ACTIVITY: From the records below, set down exactly the lines starting with the line that contains "text \<open>The torus" and going on through the line that contains "sets \<pi> = sets borel \<and>". Nothing else is wanted.

DATA UNDER STUDY:

====

(* Let $d\in\{2,3\}$, let $K$ be a $C^{1,1}$ potential with $H\coloneqq\|D^2K\|_\infty<\infty$, let $B=(0,0,\omega)$ with $\omega>0$, and let $f_1,f_2$ be two solutions of the magnetized Vlasov equation (VB). Then for all $t\ge0$: if $d=2$, $$W_1(f_1(t),f_2(t))\le \min\Big(\Big(\sqrt{\tfrac{2(1-\cos(\omega t))}{\omega^2}}+1\Big)e^{4H\left(\frac{2(t-\sin(\omega t)/\omega)}{\omega^2}+t\right)},\ e^{(1+2H)t}\Big)\,W_1(f_1(0),f_2(0));$$ if $d=3$, $$W_1(f_1(t),f_2(t))\le \min\Big(\Big(\sqrt{\tfrac{2(1-\cos(\omega t))}{\omega^2}+t^2}+1\Big)e^{4H\left(\frac{2(t-\sin(\omega t)/\omega)}{\omega^2}+\frac{t^3}{3}+t\right)},\ e^{(1+2H)t}\Big)\,W_1(f_1(0),f_2(0)).$$
   Context: The magnetized Vlasov equation (VB) on $\mathbb{T}^d\times\mathbb{R}^d$ is $\partial_tf+v\cdot\nabla_xf+(F[f]+v\wedge B)\cdot\nabla_vf=0$ with $F[f]=\nabla(K\ast\rho_f)$, $\rho_f=\int f\,dv$, and $f(0)$ a probability density; for $d=2$, $v\wedge B$ is computed with $v$ embedded in $\mathbb{R}^3$, giving $(\omega v_2,-\omega v_1)$. $W_1(\mu,\nu)=\inf_{\pi\in\Pi(\mu,\nu)}\int(|x-y|+|v-w|)\,d\pi(x,v,y,w)$, $\Pi(\mu,\nu)$ the set of couplings. *)

theory Defs
  imports "HOL-Analysis.Analysis" "HOL-Probability.Probability"
begin

text \<open>The torus T^d is R^d modulo the integer lattice Z^d, with fundamental
  domain [0,1)^d.  Phase space points are pairs (x,v).\<close>

definition lattice :: "'a::euclidean_space set" where
  "lattice = {k. \<forall>b\<in>Basis. k \<bullet> b \<in> \<int>}"

definition fund_dom :: "'a::euclidean_space set" where
  "fund_dom = {x. \<forall>b\<in>Basis. 0 \<le> x \<bullet> b \<and> x \<bullet> b < 1}"

definition tor :: "'a::euclidean_space \<Rightarrow> 'a" where
  "tor x = (\<Sum>b\<in>Basis. frac (x \<bullet> b) *\<^sub>R b)"

definition tdist :: "'a::euclidean_space \<Rightarrow> 'a \<Rightarrow> real" where
  "tdist x y = (INF k\<in>lattice. norm (x - y - k))"

definition periodic :: "('a::euclidean_space \<Rightarrow> 'b) \<Rightarrow> bool" where
  "periodic K \<longleftrightarrow> (\<forall>x k. k \<in> lattice \<longrightarrow> K (x + k) = K x)"

definition cost :: "('a::euclidean_space \<times> 'a) \<Rightarrow> ('a \<times> 'a) \<Rightarrow> real" where
  "cost z z' = tdist (fst z) (fst z') + norm (snd z - snd z')"

definition couplings ::
  "('a::euclidean_space \<times> 'a) measure \<Rightarrow> ('a \<times> 'a) measure \<Rightarrow> (('a \<times> 'a) \<times> ('a \<times> 'a)) measure set" where
  "couplings \<mu> \<nu> = {\<pi>. prob_space \<pi> \<and> sets \<pi> = sets borel \<and>
      distr \<pi> borel fst = \<mu> \<and> distr \<pi> borel snd = \<nu>}"

definition W1 :: "('a::euclidean_space \<times> 'a) measure \<Rightarrow> ('a \<times> 'a) measure \<Rightarrow> ennreal" where
  "W1 \<mu> \<nu> = (INF \<pi>\<in>couplings \<mu> \<nu>. \<integral>\<^sup>+ p. ennreal (cost (fst p) (snd p)) \<partial>\<pi>)"

text \<open>Mean field F[f](x) = \<nabla>(K * \<rho>_f)(x) = \<integral> \<nabla>K(x - y) d\<rho>_f(y), where G = \<nabla>K.\<close>
definition force :: "('a::euclidean_space \<Rightarrow> 'a) \<Rightarrow> ('a \<times> 'a) measure \<Rightarrow> 'a \<Rightarrow> 'a" where
  "force G \<mu> x = (\<integral> z. G (x - fst z) \<partial>\<mu>)"

text \<open>Magnetic terms v \<wedge> B for B = (0,0,\<omega>).\<close>
definition mag2 :: "real \<Rightarrow> real \<times> real \<Rightarrow> real \<times> real" where
  "mag2 \<omega> v = (\<omega> * snd v, - \<omega> * fst v)"

definition mag3 :: "real \<Rightarrow> real \<times> real \<times> real \<Rightarrow> real \<times> real \<times> real" where
  "mag3 \<omega> v = (\<omega> * fst (snd v), - \<omega> * fst v, 0)"

text \<open>(Lagrangian / characteristic) measure solution of the magnetized Vlasov
  equation on T^d x R^d: \<mu> t is the law at time t, obtained by transporting
  the initial probability measure \<mu> 0 (on [0,1)^d x R^d) along characteristics
  X' = V, V' = F[\<mu> t](X) + V \<wedge> B  (positions lifted to R^d, reduced mod 1).\<close>
definition vb_solution ::
  "('a::euclidean_space \<Rightarrow> 'a) \<Rightarrow> ('a \<Rightarrow> 'a) \<Rightarrow> (real \<Rightarrow> ('a \<times> 'a) measure) \<Rightarrow> bool" where
  "vb_solution G mag \<mu> \<longleftrightarrow>
     prob_space (\<mu> 0) \<and> sets (\<mu> 0) = sets borel \<and>
     emeasure (\<mu> 0) (fund_dom \<times> UNIV) = 1 \<and>
     (\<exists>Z :: real \<Rightarrow> 'a \<times> 'a \<Rightarrow> 'a \<times> 'a.
        (\<forall>z. Z 0 z = z) \<and>
        (\<forall>t\<ge>0. Z t \<in> borel_measurable borel) \<and>
        (\<forall>z. \<forall>t\<ge>0. ((\<lambda>s. Z s z) has_vector_derivative
              (snd (Z t z), force G (\<mu> t) (fst (Z t z)) + mag (snd (Z t z))))
              (at t within {0..})) \<and>
        (\<forall>t\<ge>0. \<mu> t = distr (\<mu> 0) borel (\<lambda>z. (tor (fst (Z t z)), snd (Z t z)))))"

====

TASK SOLUTION:
text \<open>The torus T^d is R^d modulo the integer lattice Z^d, with fundamental
  domain [0,1)^d.  Phase space points are pairs (x,v).\<close>

definition lattice :: "'a::euclidean_space set" where
  "lattice = {k. \<forall>b\<in>Basis. k \<bullet> b \<in> \<int>}"

definition fund_dom :: "'a::euclidean_space set" where
  "fund_dom = {x. \<forall>b\<in>Basis. 0 \<le> x \<bullet> b \<and> x \<bullet> b < 1}"

definition tor :: "'a::euclidean_space \<Rightarrow> 'a" where
  "tor x = (\<Sum>b\<in>Basis. frac (x \<bullet> b) *\<^sub>R b)"

definition tdist :: "'a::euclidean_space \<Rightarrow> 'a \<Rightarrow> real" where
  "tdist x y = (INF k\<in>lattice. norm (x - y - k))"

definition periodic :: "('a::euclidean_space \<Rightarrow> 'b) \<Rightarrow> bool" where
  "periodic K \<longleftrightarrow> (\<forall>x k. k \<in> lattice \<longrightarrow> K (x + k) = K x)"

definition cost :: "('a::euclidean_space \<times> 'a) \<Rightarrow> ('a \<times> 'a) \<Rightarrow> real" where
  "cost z z' = tdist (fst z) (fst z') + norm (snd z - snd z')"

definition couplings ::
  "('a::euclidean_space \<times> 'a) measure \<Rightarrow> ('a \<times> 'a) measure \<Rightarrow> (('a \<times> 'a) \<times> ('a \<times> 'a)) measure set" where
  "couplings \<mu> \<nu> = {\<pi>. prob_space \<pi> \<and> sets \<pi> = sets borel \<and>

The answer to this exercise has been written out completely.